Yengo National Park was an important spiritual and cultural place for the Darkinjung and Wonnarua People for thousands of years, and 640 Aboriginal cultural sites are recorded in the park and nearby areas. Being a largely untracked wilderness area, many of these are difficult to access. Yengo country has one of the largest collections of rock art in Australia (and the world), and Yengo is to the sandstone country what Uluru is to central Australia.

It is said that Baiame, the ancestral being, stepped off from Burragurra to the flat top of Mount Yengo and back into the sky when he finished his creation.

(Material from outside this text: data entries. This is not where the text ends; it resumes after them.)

lemma not_summable_radius_balls: "\<not> summable (\<lambda>n. measure M (cball y (radius n)))"
proof
  assume summable: "summable (\<lambda>n. measure M (cball y (radius n)))"
  obtain j :: nat where j: "(\<Sum>n. measure M (cball y (radius n))) < real j"
    using reals_Archimedean2 by blast
  have "real j = (\<Sum>i<j. 1)" by simp
  also have "\<dots> \<le> (\<Sum>i<j. real (block_len i) * measure M (cball y (t i)))"
  proof (rule sum_mono)
    fix i
    show "1 \<le> real (block_len i) * measure M (cball y (t i))"
      using w_ge_1[of i] weight_le_block_mass[of i] by linarith
  qed
  also have "\<dots> \<le> (\<Sum>n. measure M (cball y (radius n)))"
    unfolding sum_radius_balls[symmetric] using summable by (rule sum_le_suminf) auto
  finally show False using j by simp
qed

lemma AE_frequently_hits_block:
  assumes "AE x in M. \<exists>\<^sub>\<infinity>n. (T ^^ n) x \<in> cball y (radius n)"
  shows "AE x in M. frequently (\<lambda>j. x \<in> hits_by T (cball y (t j))
                                       (2 * (real j + 1) * w j * t j powr (- c))) sequentially"
  using assms
proof eventually_elim
  case (elim x)
  show ?case unfolding frequently_sequentially
  proof
    fix J
    obtain n where n: "block_start block_len J < n" "(T ^^ n) x \<in> cball y (radius n)"
      using elim unfolding INFM_nat by blast
    define j where "j = block_index block_len n"
    have "J \<le> j" unfolding j_def using n(1) by (rule block_index_ge[OF block_len_ge_1])
    moreover have "n \<le> block_start block_len (Suc j)"
      unfolding j_def by (rule le_block_start_block_index[OF block_len_ge_1])
    moreover have "radius n = t j" unfolding radius_def j_def ..
    ultimately have "x \<in> hits_by T (cball y (t j)) (2 * (real j + 1) * w j * t j powr (- c))"
      using n by (intro hits_by_of_block_hit) auto
    with \<open>J \<le> j\<close> show "\<exists>j\<ge>J. x \<in> hits_by T (cball y (t j)) (2 * (real j + 1) * w j * t j powr (- c))"
      by blast
  qed
qed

A spectacular Aboriginal rock art site in Yengo National in the lower Hunter Valley, Yengo 1 has over 500 motifs including stencils, paintings and engravings as well as engravings and axe grinding grooves.
Yengo 2 is a spectacular Aboriginal rock art site in Yengo National in the lower Hunter Valley. The shelter has 94 figures, including 40 stencils and many depictive motifs.
A long but very low shelter in the Big Yango Precinct, which contains 22 tally marks engraved in the sandstone.
The Big Yengo Tobacco Shelter is a large, deep overhang in Yengo National Park with Aboriginal rock art (charcoal drawing and hand stencils).
A small shelter along Big Yengo Creek, which has Aboriginal rock art including a star or starburst, and 16 stencils in white ochre.
Accessible by four-wheel drive (or by walking), this deeply spiritual site is located along the Boree track and includes the spirit footprints of Biame.
The signposted Finchley cultural walk provides access to the Finchley Aboriginal Site, considered one of the best Aboriginal engraving sites in Australia.
Three Aboriginal hand stencils (two of them quite weathered) in a shelter below Finchley Campground in Yengo National Park.
A long sandstone shelter in the MacDonald River area of Yengo NAtional Park, which has some weathered charcoal art.
A shelter with Aboriginal rock art in a gully near Jacks Track, which has over 50 motifs. They include drawings in charcoal, white and red ochre, and hand stencils.
An impressive Aboriginal rock art gallery in a tall but shallow shelter near Jacks Trail. Most of the art consists of charcoal figures, with some red ochure figures and faint hand stencils.
A complex Aboriginal art shelter in the Mellong Range, which has multiple stencils including hands and a boomerang and human figures in charcoal and white ochre.
Dark red ochre paintings preserved in two rock shelters on the south-eastern slopes of Mount Manning, in Yengo National Park.
A large dome-shaped rock near the base of Mount Yengo with emu tracks and some weathered Aboriginal engravings, and grinding grooves.
Very weathered Aboriginal hand stencil on the base of Mount Yengo.